→ **TASK GOAL**: Each line of the listing where the string "rule" appears is to be identified and copied.

→ **MATERIAL TO PROCESS**:
(* Let $(A,E,\varepsilon,\tau)$ be an analytical $B$-$B$-non-commutative probability space. If $\widetilde{E}:L_2(A,\tau)\to L_2(B,\tau_B)$ denotes the orthogonal projection, then $\widetilde{E}(a) = \widehat{E(a)}$ for all $a \in A$. In particular, when $\tau_B$ is faithful, $\widetilde{E}$ extends $E$.
   Context: An analytical $B$-$B$-non-commutative probability space $(A,E,\varepsilon,\tau)$ consists of a $B$-$B$-non-commutative probability space $(A,E,\varepsilon)$ (with $L_b=\varepsilon(b\otimes 1_B)$, $R_b=\varepsilon(1_B\otimes b)$, left algebra $A_\ell$ and right algebra $A_r$) together with a state $\tau:A\to\mathbb{C}$ compatible with $E$ (i.e. $\tau(a)=\tau(L_{E(a)})=\tau(R_{E(a)})$ for all $a\in A$), such that $\tau_B(b)=\tau(L_b)$ is a tracial state on $B$, left multiplication by elements of $A$ on $A/N_\tau$ is bounded (so extends to $L_2(A,\tau)$), and $E$ is completely positive on $A_\ell$ and on $A_r$. Here $N_\tau=\{a\in A:\tau(a^*a)=0\}$, $L_2(A,\tau)$ is the completion of $A/N_\tau$, and $L_2(B,\tau_B)$ is identified with the closure of $\{L_b+N_\tau : b\in B\}$ in $L_2(A,\tau)$ via the isometry $b+N_{\tau_B}\mapsto L_b+N_\tau$. For $a\in A$ the coset $a+N_\tau$ is denoted $a$, and for $b\in B$ the coset $b+N_{\tau_B}$ is denoted $\widehat{b}$. *)

theory Defs
  imports "HOL-Analysis.Analysis"
begin

definition complex_star_algebra :: "(complex \<Rightarrow> 'a::ring_1 \<Rightarrow> 'a) \<Rightarrow> ('a \<Rightarrow> 'a) \<Rightarrow> bool" where
  "complex_star_algebra sm st \<longleftrightarrow>
     vector_space sm \<and>
     (\<forall>c x y. sm c (x * y) = sm c x * y \<and> sm c (x * y) = x * sm c y) \<and>
     (\<forall>x. st (st x) = x) \<and>
     (\<forall>x y. st (x + y) = st x + st y) \<and>
     (\<forall>c x. st (sm c x) = sm (cnj c) (st x)) \<and>
     (\<forall>x y. st (x * y) = st y * st x)"

definition pos_cone :: "('b::ring_1 \<Rightarrow> 'b) \<Rightarrow> 'b set" where
  "pos_cone st = {p. \<exists>(n::nat) x. p = (\<Sum>i<n. st (x i) * x i)}"

text \<open>The unital homomorphism
  \<epsilon> : B \<otimes> B^op \<rightarrow> A is represented by L b = \<epsilon>(b \<otimes> 1) and R b = \<epsilon>(1 \<otimes> b),
  so that \<epsilon>(b1 \<otimes> b2) = L b1 * R b2.\<close>
definition bb_ncps ::
  "(complex \<Rightarrow> 'a::ring_1 \<Rightarrow> 'a) \<Rightarrow> (complex \<Rightarrow> 'b::ring_1 \<Rightarrow> 'b) \<Rightarrow>
   ('a \<Rightarrow> 'b) \<Rightarrow> ('b \<Rightarrow> 'a) \<Rightarrow> ('b \<Rightarrow> 'a) \<Rightarrow> bool" where
  "bb_ncps smA smB E L R \<longleftrightarrow>
     Vector_Spaces.linear smB smA L \<and> (\<forall>x y. L (x * y) = L x * L y) \<and> L 1 = 1 \<and> inj L \<and>
     Vector_Spaces.linear smB smA R \<and> (\<forall>x y. R (x * y) = R y * R x) \<and> R 1 = 1 \<and> inj R \<and>
     (\<forall>b b'. L b * R b' = R b' * L b) \<and>
     Vector_Spaces.linear smA smB E \<and>
     (\<forall>b1 b2 T. E (L b1 * R b2 * T) = b1 * E T * b2) \<and>
     (\<forall>b T. E (T * L b) = E (T * R b))"

definition left_alg :: "('b \<Rightarrow> 'a::ring_1) \<Rightarrow> 'a set" where
  "left_alg R = {T. \<forall>b. T * R b = R b * T}"

definition right_alg :: "('b \<Rightarrow> 'a::ring_1) \<Rightarrow> 'a set" where
  "right_alg L = {T. \<forall>b. T * L b = L b * T}"

definition is_state :: "(complex \<Rightarrow> 'a::ring_1 \<Rightarrow> 'a) \<Rightarrow> ('a \<Rightarrow> 'a) \<Rightarrow> ('a \<Rightarrow> complex) \<Rightarrow> bool" where
  "is_state sm st \<phi> \<longleftrightarrow>
     Vector_Spaces.linear sm (*) \<phi> \<and> \<phi> 1 = 1 \<and>
     (\<forall>x. \<phi> (st x * x) \<in> \<real> \<and> 0 \<le> Re (\<phi> (st x * x)))"

definition is_tracial_state :: "(complex \<Rightarrow> 'b::ring_1 \<Rightarrow> 'b) \<Rightarrow> ('b \<Rightarrow> 'b) \<Rightarrow> ('b \<Rightarrow> complex) \<Rightarrow> bool" where
  "is_tracial_state sm st \<phi> \<longleftrightarrow> is_state sm st \<phi> \<and> (\<forall>x y. \<phi> (x * y) = \<phi> (y * x))"

definition faithful :: "('b::ring_1 \<Rightarrow> 'b) \<Rightarrow> ('b \<Rightarrow> complex) \<Rightarrow> bool" where
  "faithful st \<phi> \<longleftrightarrow> (\<forall>x. \<phi> (st x * x) = 0 \<longrightarrow> x = 0)"

text \<open>Complete positivity of E restricted to S (S a *-subalgebra of A), in the Gram form:
  \<Sum>_{i,j} b_i* E(a_i* a_j) b_j is positive for all finite families.\<close>
definition completely_positive_on ::
  "('a::ring_1 \<Rightarrow> 'a) \<Rightarrow> ('b::ring_1 \<Rightarrow> 'b) \<Rightarrow> ('a \<Rightarrow> 'b) \<Rightarrow> 'a set \<Rightarrow> bool" where
  "completely_positive_on stA stB E S \<longleftrightarrow>
     (\<forall>(n::nat) (a::nat \<Rightarrow> 'a) (b::nat \<Rightarrow> 'b). (\<forall>i<n. a i \<in> S) \<longrightarrow>
        (\<Sum>i<n. \<Sum>j<n. stB (b i) * E (stA (a i) * a j) * b j) \<in> pos_cone stB)"

definition analytical_bb_ncps ::
  "(complex \<Rightarrow> 'a::ring_1 \<Rightarrow> 'a) \<Rightarrow> ('a \<Rightarrow> 'a) \<Rightarrow> (complex \<Rightarrow> 'b::ring_1 \<Rightarrow> 'b) \<Rightarrow> ('b \<Rightarrow> 'b) \<Rightarrow>
   ('a \<Rightarrow> 'b) \<Rightarrow> ('b \<Rightarrow> 'a) \<Rightarrow> ('b \<Rightarrow> 'a) \<Rightarrow> ('a \<Rightarrow> complex) \<Rightarrow> bool" where
  "analytical_bb_ncps smA stA smB stB E L R \<tau> \<longleftrightarrow>
     complex_star_algebra smA stA \<and> complex_star_algebra smB stB \<and>
     bb_ncps smA smB E L R \<and>
     (\<forall>b. L (stB b) = stA (L b)) \<and> (\<forall>b. R (stB b) = stA (R b)) \<and>
     is_state smA stA \<tau> \<and>
     (\<forall>a. \<tau> a = \<tau> (L (E a)) \<and> \<tau> a = \<tau> (R (E a))) \<and>
     is_tracial_state smB stB (\<lambda>b. \<tau> (L b)) \<and>
     (\<forall>a. \<exists>C. \<forall>x. Re (\<tau> (stA (a * x) * (a * x))) \<le> C * Re (\<tau> (stA x * x))) \<and>
     completely_positive_on stA stB E (left_alg R) \<and>
     completely_positive_on stA stB E (right_alg L)"

text \<open>A model of L_2(A,\<tau>): a Hilbert space H (regarded as a real Hilbert space with inner
  product Re\<langle>_,_\<rangle>) with a map \<iota> : A \<rightarrow> H (a \<mapsto> a + N_\<tau>) that is additive, satisfies
  \<langle>\<iota> x, \<iota> y\<rangle> = \<tau>(x* y) (real part) and has dense range. This determines
  (H, \<iota>) up to unique isometric isomorphism.\<close>
definition L2_model :: "('a::ring_1 \<Rightarrow> 'a) \<Rightarrow> ('a \<Rightarrow> complex) \<Rightarrow> ('a \<Rightarrow> 'h::{real_inner,complete_space}) \<Rightarrow> bool" where
  "L2_model stA \<tau> \<iota> \<longleftrightarrow>
     (\<forall>x y. \<iota> (x + y) = \<iota> x + \<iota> y) \<and>
     (\<forall>x y. inner (\<iota> x) (\<iota> y) = Re (\<tau> (stA x * y))) \<and>
     closure (range \<iota>) = UNIV"

definition orth_proj :: "'h::real_inner set \<Rightarrow> 'h \<Rightarrow> 'h" where
  "orth_proj K x = (THE p. p \<in> K \<and> (\<forall>k\<in>K. inner (x - p) k = 0))"

end

theory Submission
  imports Defs
begin

text \<open>E is the L2-projection because \<tau> factors through E: for b \<in> B the bimodule
  property gives \<tau>(L b * a) = \<tau>(L (E (L b * a))) = \<tau>(L (b * E a)) = \<tau>(L b * L (E a)),
  so a - L (E a) is orthogonal to every L b, hence to the closure of their image in
  L2(A,\<tau>), while L (E a) itself lies in that closure. Injectivity of b \<mapsto> L b on L2 is
  faithfulness of \<tau>_B, since the squared L2-norm of L b is \<tau>_B(b* b).\<close>

lemma orth_proj_eqI:
  fixes K :: "'h::real_inner set"
  assumes "q \<in> K" and "\<And>k. k \<in> K \<Longrightarrow> inner (x - q) k = 0"
  shows "orth_proj K x = q"
  unfolding orth_proj_def
proof (rule the_equality)
  show "q \<in> K \<and> (\<forall>k\<in>K. inner (x - q) k = 0)"
    using assms by blast
next
  fix p assume p: "p \<in> K \<and> (\<forall>k\<in>K. inner (x - p) k = 0)"
  have "inner (p - q) (p - q) = inner (x - q) p - inner (x - p) p - inner (x - q) q + inner (x - p) q"
    by (simp add: inner_diff_left inner_diff_right inner_commute)
  also have "\<dots> = 0"
    using p assms by simp
  finally show "p = q"
    by simp
qed

lemma inner_eq_zero_on_closure:
  fixes x :: "'h::real_inner"
  assumes "\<And>k. k \<in> S \<Longrightarrow> inner x k = 0" and "k \<in> closure S"
  shows "inner x k = 0"
proof -
  have "closure S \<subseteq> {k. inner x k = 0}"
    using assms(1) by (intro closure_minimal closed_hyperplane) blast
  then show ?thesis
    using assms(2) by blast
qed

lemma L2_model_diff:
  assumes "L2_model stA \<tau> \<iota>"
  shows "\<iota> (x - y) = \<iota> x - \<iota> y"
  using assms unfolding L2_model_def by (intro additive.diff additive.intro) blast

lemma L2_model_eq_0_iff:
  assumes "L2_model stA \<tau> \<iota>"
  shows "\<iota> x = 0 \<longleftrightarrow> Re (\<tau> (stA x * x)) = 0"
  using assms unfolding L2_model_def by (metis inner_eq_zero_iff)

lemma bb_ncps_E_left_mult:
  assumes "bb_ncps smA smB E L R"
  shows "E (L b * T) = b * E T"
  using assms unfolding bb_ncps_def by (metis mult.right_neutral mult_1)

lemma bb_ncps_tau_left_mult_E:
  assumes "bb_ncps smA smB E L R" and "\<And>a. \<tau> a = \<tau> (L (E a))"
  shows "\<tau> (L b * a) = \<tau> (L b * L (E a))"
proof -
  have "\<tau> (L b * a) = \<tau> (L (E (L b * a)))"
    by (rule assms(2))
  also have "\<dots> = \<tau> (L (b * E a))"
    using bb_ncps_E_left_mult[OF assms(1)] by simp
  also have "\<dots> = \<tau> (L b * L (E a))"
    using assms(1) unfolding bb_ncps_def by simp
  finally show ?thesis .
qed

lemma analytical_bb_ncps_orthogonal_left:
  assumes "analytical_bb_ncps smA stA smB stB E L R \<tau>" and "L2_model stA \<tau> \<iota>"
  shows "inner (\<iota> a - \<iota> (L (E a))) (\<iota> (L b)) = 0"
proof -
  have bb: "bb_ncps smA smB E L R" and L_star: "stA (L b) = L (stB b)"
    and tau_E: "\<And>a. \<tau> a = \<tau> (L (E a))"
    using assms(1) unfolding analytical_bb_ncps_def by auto
  have inner_\<iota>: "inner (\<iota> x) (\<iota> y) = Re (\<tau> (stA x * y))" for x y
    using assms(2) unfolding L2_model_def by blast
  have "inner (\<iota> a) (\<iota> (L b)) = inner (\<iota> (L (E a))) (\<iota> (L b))"
    using bb_ncps_tau_left_mult_E[where \<tau>=\<tau>, OF bb tau_E, of "stB b" a]
    by (simp add: inner_commute[of _ "\<iota> (L b)"] inner_\<iota> L_star)
  then show ?thesis
    by (simp add: inner_diff_left)
qed

lemma analytical_bb_ncps_orth_proj_left:
  assumes "analytical_bb_ncps smA stA smB stB E L R \<tau>" and "L2_model stA \<tau> \<iota>"
  shows "orth_proj (closure (\<iota> ` range L)) (\<iota> a) = \<iota> (L (E a))"
proof (rule orth_proj_eqI)
  show "\<iota> (L (E a)) \<in> closure (\<iota> ` range L)"
    by (rule subsetD[OF closure_subset]) simp
next
  fix k assume "k \<in> closure (\<iota> ` range L)"
  then show "inner (\<iota> a - \<iota> (L (E a))) k = 0"
    by (rule inner_eq_zero_on_closure[rotated])
      (auto simp: analytical_bb_ncps_orthogonal_left[OF assms])
qed

lemma analytical_bb_ncps_inj_left:
  assumes "analytical_bb_ncps smA stA smB stB E L R \<tau>" and "L2_model stA \<tau> \<iota>"
    and "faithful stB (\<lambda>b. \<tau> (L b))"
  shows "inj (\<lambda>b. \<iota> (L b))"
proof (rule injI)
  have L_lin: "Vector_Spaces.linear smB smA L" and L_mult: "L (x * y) = L x * L y"
    and L_star: "L (stB x) = stA (L x)"
    and tau_B: "is_tracial_state smB stB (\<lambda>b. \<tau> (L b))" for x y
    using assms(1) unfolding analytical_bb_ncps_def bb_ncps_def by auto
  fix x y assume "\<iota> (L x) = \<iota> (L y)"
  then have "\<iota> (L (x - y)) = 0"
    using L2_model_diff[OF assms(2)] module_hom.diff[OF Vector_Spaces.linear.axioms(3)[OF L_lin]]
    by simp
  then have "Re (\<tau> (L (stB (x - y) * (x - y)))) = 0"
    using L2_model_eq_0_iff[OF assms(2)] by (simp add: L_mult L_star)
  moreover have "\<tau> (L (stB (x - y) * (x - y))) \<in> \<real>"
    using tau_B unfolding is_tracial_state_def is_state_def by blast
  ultimately have "\<tau> (L (stB (x - y) * (x - y))) = 0"
    by (simp add: complex_is_Real_iff complex_eq_iff)
  then show "x = y"
    using assms(3) unfolding faithful_def by (metis right_minus_eq)
qed

theorem proposition3p7:
  fixes smA :: "complex \<Rightarrow> 'a::ring_1 \<Rightarrow> 'a" and stA :: "'a \<Rightarrow> 'a"
    and smB :: "complex \<Rightarrow> 'b::ring_1 \<Rightarrow> 'b" and stB :: "'b \<Rightarrow> 'b"
    and E :: "'a \<Rightarrow> 'b" and L R :: "'b \<Rightarrow> 'a" and \<tau> :: "'a \<Rightarrow> complex"
    and \<iota> :: "'a \<Rightarrow> 'h::{real_inner,complete_space}"
  assumes "analytical_bb_ncps smA stA smB stB E L R \<tau>"
    and "L2_model stA \<tau> \<iota>"
  shows "(\<forall>a. orth_proj (closure (\<iota> ` range L)) (\<iota> a) = \<iota> (L (E a))) \<and>
         (faithful stB (\<lambda>b. \<tau> (L b)) \<longrightarrow> inj (\<lambda>b. \<iota> (L b)))"
  using analytical_bb_ncps_orth_proj_left[OF assms] analytical_bb_ncps_inj_left[OF assms]
  by blast

end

→ **REPLY**:
proof (rule the_equality)
    by (rule assms(2))
proof (rule orth_proj_eqI)
    by (rule subsetD[OF closure_subset]) simp
    by (rule inner_eq_zero_on_closure[rotated])
proof (rule injI)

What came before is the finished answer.